[Stored data]
lemma blue_index:
  assumes short: "\<And>T. T \<subseteq> {..<n+M} \<Longrightarrow> longest_blue_chain c S T \<le> M" and X: "X \<subseteq> {..<n}"
  shows "blue_index c S n X \<le> M"
    "longest_blue_chain c S (X \<union> {n..<n + blue_index c S n X}) \<le> blue_index c S n X"
proof -
  have "longest_blue_chain c S (X \<union> {n..<n + M}) \<le> M"
    using X by (intro short) auto
  then show "blue_index c S n X \<le> M"
    "longest_blue_chain c S (X \<union> {n..<n + blue_index c S n X}) \<le> blue_index c S n X"
    unfolding blue_index_def by (rule Least_le, rule LeastI)
qed

lemma blue_index_mono:
  assumes short: "\<And>T. T \<subseteq> {..<n+M} \<Longrightarrow> longest_blue_chain c S T \<le> M"
    and X: "X \<subseteq> X'" "X' \<subseteq> {..<n}"
  shows "blue_index c S n X \<le> blue_index c S n X'"
proof -
  let ?i = "blue_index c S n X'"
  have "longest_blue_chain c S (X \<union> {n..<n + ?i}) \<le> longest_blue_chain c S (X' \<union> {n..<n + ?i})"
    using X by (intro longest_blue_chain_mono) (auto intro: finite_subset)
  also have "\<dots> \<le> ?i" by (rule blue_index(2)[OF short X(2)])
  finally show ?thesis unfolding blue_index_def[of c S n X] by (rule Least_le)
qed

text \<open>By minimality of the index, a blue top X \<union> {n..<n + i} \<union> S would make the longest blue
  chain jump past i.\<close>

lemma not_blue_at_blue_index:
  assumes short: "\<And>T. T \<subseteq> {..<n+M} \<Longrightarrow> longest_blue_chain c S T \<le> M"
    and S: "S \<inter> {..<n+M} = {}" and X: "X \<subseteq> {..<n}"
  shows "\<not> c (X \<union> {n..<n + blue_index c S n X} \<union> S)"
proof
  let ?b = "longest_blue_chain c S" and ?i = "blue_index c S n X"
  assume blue: "c (X \<union> {n..<n + ?i} \<union> S)"
  have fin: "finite (X \<union> {n..<n + ?i})" using X by (auto intro: finite_subset)
  show False
  proof (cases ?i)
    case 0
    then show False
      using longest_blue_chain_pos[of _ c S, OF fin blue] blue_index(2)[OF short X] by simp
  next
    case (Suc j)
    then have "\<not> ?b (X \<union> {n..<n + j}) \<le> j"
      unfolding blue_index_def by (intro not_less_Least) simp
    moreover have "?b (X \<union> {n..<n + j}) < ?b (X \<union> {n..<n + ?i})"
    proof (rule longest_blue_chain_less[of _ _ S c, OF _ _ fin blue])
      have "n + j \<notin> X \<union> {n..<n + j}" "n + j \<in> X \<union> {n..<n + ?i}" using X Suc by auto
      then show "X \<union> {n..<n + j} \<subset> X \<union> {n..<n + ?i}" using Suc by auto
      have "X \<union> {n..<n + ?i} \<subseteq> {..<n+M}" using blue_index(1)[OF short X] X by auto
      then show "(X \<union> {n..<n + ?i}) \<inter> S = {}" using S by blast
    qed
    ultimately show False using blue_index(2)[OF short X] Suc by simp
  qed
qed

lemma red_cube_if_blue_chains_short:
  assumes S: "S \<subseteq> {..<N}" "S \<inter> {..<n+M} = {}" and N: "n + M \<le> N"
    and short: "\<And>T. T \<subseteq> {..<n+M} \<Longrightarrow> longest_blue_chain c S T \<le> M"
  shows "\<exists>g. induced_embedding (Qcar n) (Qrel n) (Qcar N) (Qrel N) g \<and> (\<forall>X\<in>Qcar n. \<not> c (g X))"
proof -
  let ?g = "\<lambda>X. X \<union> {n..<n + blue_index c S n X} \<union> S"
  have "induced_embedding (Qcar n) (Qrel n) (Qcar N) (Qrel N) ?g"
    using blue_index_mono[OF short] blue_index(1)[OF short] S N by (rule shifted_cube_embedding)
  moreover have "\<forall>X\<in>Qcar n. \<not> c (?g X)"
    using not_blue_at_blue_index[OF short S(2)] by (simp add: Qcar_def)
  ultimately show ?thesis by blast
qed

lemma red_cube_or_long_blue_chain:
  assumes S: "S \<subseteq> {..<N}" "S \<inter> {..<n+M} = {}" and N: "n + M \<le> N"
  shows "(\<exists>g. induced_embedding (Qcar n) (Qrel n) (Qcar N) (Qrel N) g \<and> (\<forall>X\<in>Qcar n. \<not> c (g X)))
    \<or> (\<exists>C\<in>blue_chains c S {..<n+M}. card C = Suc M)"
proof (cases "\<exists>T\<subseteq>{..<n+M}. Suc M \<le> longest_blue_chain c S T")
  case True
  then obtain T where T: "T \<subseteq> {..<n+M}" "Suc M \<le> longest_blue_chain c S T" by blast
  obtain C where C: "C \<in> blue_chains c S T" "card C = longest_blue_chain c S T"
    using longest_blue_chain_attained[OF finite_subset[OF T(1) finite_lessThan]] .
  obtain C' where C': "C' \<subseteq> C" "card C' = Suc M"
    using obtain_subset_with_card_n[of "Suc M" C] T(2) C(2) by metis
  have "C' \<in> blue_chains c S {..<n+M}"
    using C(1) C'(1) column_mono[OF T(1)] unfolding blue_chains_def chain_subset_def by blast
  then show ?thesis using C'(2) by blast
next
  case False
  then have "longest_blue_chain c S T \<le> M" if "T \<subseteq> {..<n+M}" for T
    using that by (simp add: not_less_eq_eq)
  then show ?thesis
    using red_cube_if_blue_chains_short[OF S N] by blast
qed

section \<open>The upper bound\<close>

lemma induced_embedding_QcarI:
  assumes "antisym r" "\<forall>x\<in>A. f x \<subseteq> {..<N}" "\<forall>x\<in>A. \<forall>y\<in>A. (x, y) \<in> r \<longleftrightarrow> f x \<subseteq> f y"
  shows "induced_embedding A r (Qcar N) (Qrel N) f"
proof -
  have "inj_on f A"
    using assms by (intro inj_onI) (metis antisymD order_refl)
  then show ?thesis
    using assms(2,3) unfolding induced_embedding_def Qcar_def Qrel_def by auto
qed

lemma column_trace:
  assumes "E \<in> column S T" "T \<inter> Z = {}" "S \<subseteq> Z"
  shows "E \<inter> Z = S"
  using assms unfolding column_def by blast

> [YOUR ASSIGNMENT]:
Every entry must come back exactly as written above.

> [EXPECTED OUTPUT]:
lemma blue_index:
  assumes short: "\<And>T. T \<subseteq> {..<n+M} \<Longrightarrow> longest_blue_chain c S T \<le> M" and X: "X \<subseteq> {..<n}"
  shows "blue_index c S n X \<le> M"
    "longest_blue_chain c S (X \<union> {n..<n + blue_index c S n X}) \<le> blue_index c S n X"
proof -
  have "longest_blue_chain c S (X \<union> {n..<n + M}) \<le> M"
    using X by (intro short) auto
  then show "blue_index c S n X \<le> M"
    "longest_blue_chain c S (X \<union> {n..<n + blue_index c S n X}) \<le> blue_index c S n X"
    unfolding blue_index_def by (rule Least_le, rule LeastI)
qed

lemma blue_index_mono:
  assumes short: "\<And>T. T \<subseteq> {..<n+M} \<Longrightarrow> longest_blue_chain c S T \<le> M"
    and X: "X \<subseteq> X'" "X' \<subseteq> {..<n}"
  shows "blue_index c S n X \<le> blue_index c S n X'"
proof -
  let ?i = "blue_index c S n X'"
  have "longest_blue_chain c S (X \<union> {n..<n + ?i}) \<le> longest_blue_chain c S (X' \<union> {n..<n + ?i})"
    using X by (intro longest_blue_chain_mono) (auto intro: finite_subset)
  also have "\<dots> \<le> ?i" by (rule blue_index(2)[OF short X(2)])
  finally show ?thesis unfolding blue_index_def[of c S n X] by (rule Least_le)
qed

text \<open>By minimality of the index, a blue top X \<union> {n..<n + i} \<union> S would make the longest blue
  chain jump past i.\<close>

lemma not_blue_at_blue_index:
  assumes short: "\<And>T. T \<subseteq> {..<n+M} \<Longrightarrow> longest_blue_chain c S T \<le> M"
    and S: "S \<inter> {..<n+M} = {}" and X: "X \<subseteq> {..<n}"
  shows "\<not> c (X \<union> {n..<n + blue_index c S n X} \<union> S)"
proof
  let ?b = "longest_blue_chain c S" and ?i = "blue_index c S n X"
  assume blue: "c (X \<union> {n..<n + ?i} \<union> S)"
  have fin: "finite (X \<union> {n..<n + ?i})" using X by (auto intro: finite_subset)
  show False
  proof (cases ?i)
    case 0
    then show False
      using longest_blue_chain_pos[of _ c S, OF fin blue] blue_index(2)[OF short X] by simp
  next
    case (Suc j)
    then have "\<not> ?b (X \<union> {n..<n + j}) \<le> j"
      unfolding blue_index_def by (intro not_less_Least) simp
    moreover have "?b (X \<union> {n..<n + j}) < ?b (X \<union> {n..<n + ?i})"
    proof (rule longest_blue_chain_less[of _ _ S c, OF _ _ fin blue])
      have "n + j \<notin> X \<union> {n..<n + j}" "n + j \<in> X \<union> {n..<n + ?i}" using X Suc by auto
      then show "X \<union> {n..<n + j} \<subset> X \<union> {n..<n + ?i}" using Suc by auto
      have "X \<union> {n..<n + ?i} \<subseteq> {..<n+M}" using blue_index(1)[OF short X] X by auto
      then show "(X \<union> {n..<n + ?i}) \<inter> S = {}" using S by blast
    qed
    ultimately show False using blue_index(2)[OF short X] Suc by simp
  qed
qed

lemma red_cube_if_blue_chains_short:
  assumes S: "S \<subseteq> {..<N}" "S \<inter> {..<n+M} = {}" and N: "n + M \<le> N"
    and short: "\<And>T. T \<subseteq> {..<n+M} \<Longrightarrow> longest_blue_chain c S T \<le> M"
  shows "\<exists>g. induced_embedding (Qcar n) (Qrel n) (Qcar N) (Qrel N) g \<and> (\<forall>X\<in>Qcar n. \<not> c (g X))"
proof -
  let ?g = "\<lambda>X. X \<union> {n..<n + blue_index c S n X} \<union> S"
  have "induced_embedding (Qcar n) (Qrel n) (Qcar N) (Qrel N) ?g"
    using blue_index_mono[OF short] blue_index(1)[OF short] S N by (rule shifted_cube_embedding)
  moreover have "\<forall>X\<in>Qcar n. \<not> c (?g X)"
    using not_blue_at_blue_index[OF short S(2)] by (simp add: Qcar_def)
  ultimately show ?thesis by blast
qed

lemma red_cube_or_long_blue_chain:
  assumes S: "S \<subseteq> {..<N}" "S \<inter> {..<n+M} = {}" and N: "n + M \<le> N"
  shows "(\<exists>g. induced_embedding (Qcar n) (Qrel n) (Qcar N) (Qrel N) g \<and> (\<forall>X\<in>Qcar n. \<not> c (g X)))
    \<or> (\<exists>C\<in>blue_chains c S {..<n+M}. card C = Suc M)"
proof (cases "\<exists>T\<subseteq>{..<n+M}. Suc M \<le> longest_blue_chain c S T")
  case True
  then obtain T where T: "T \<subseteq> {..<n+M}" "Suc M \<le> longest_blue_chain c S T" by blast
  obtain C where C: "C \<in> blue_chains c S T" "card C = longest_blue_chain c S T"
    using longest_blue_chain_attained[OF finite_subset[OF T(1) finite_lessThan]] .
  obtain C' where C': "C' \<subseteq> C" "card C' = Suc M"
    using obtain_subset_with_card_n[of "Suc M" C] T(2) C(2) by metis
  have "C' \<in> blue_chains c S {..<n+M}"
    using C(1) C'(1) column_mono[OF T(1)] unfolding blue_chains_def chain_subset_def by blast
  then show ?thesis using C'(2) by blast
next
  case False
  then have "longest_blue_chain c S T \<le> M" if "T \<subseteq> {..<n+M}" for T
    using that by (simp add: not_less_eq_eq)
  then show ?thesis
    using red_cube_if_blue_chains_short[OF S N] by blast
qed

section \<open>The upper bound\<close>

lemma induced_embedding_QcarI:
  assumes "antisym r" "\<forall>x\<in>A. f x \<subseteq> {..<N}" "\<forall>x\<in>A. \<forall>y\<in>A. (x, y) \<in> r \<longleftrightarrow> f x \<subseteq> f y"
  shows "induced_embedding A r (Qcar N) (Qrel N) f"
proof -
  have "inj_on f A"
    using assms by (intro inj_onI) (metis antisymD order_refl)
  then show ?thesis
    using assms(2,3) unfolding induced_embedding_def Qcar_def Qrel_def by auto
qed

lemma column_trace:
  assumes "E \<in> column S T" "T \<inter> Z = {}" "S \<subseteq> Z"
  shows "E \<inter> Z = S"
  using assms unfolding column_def by blast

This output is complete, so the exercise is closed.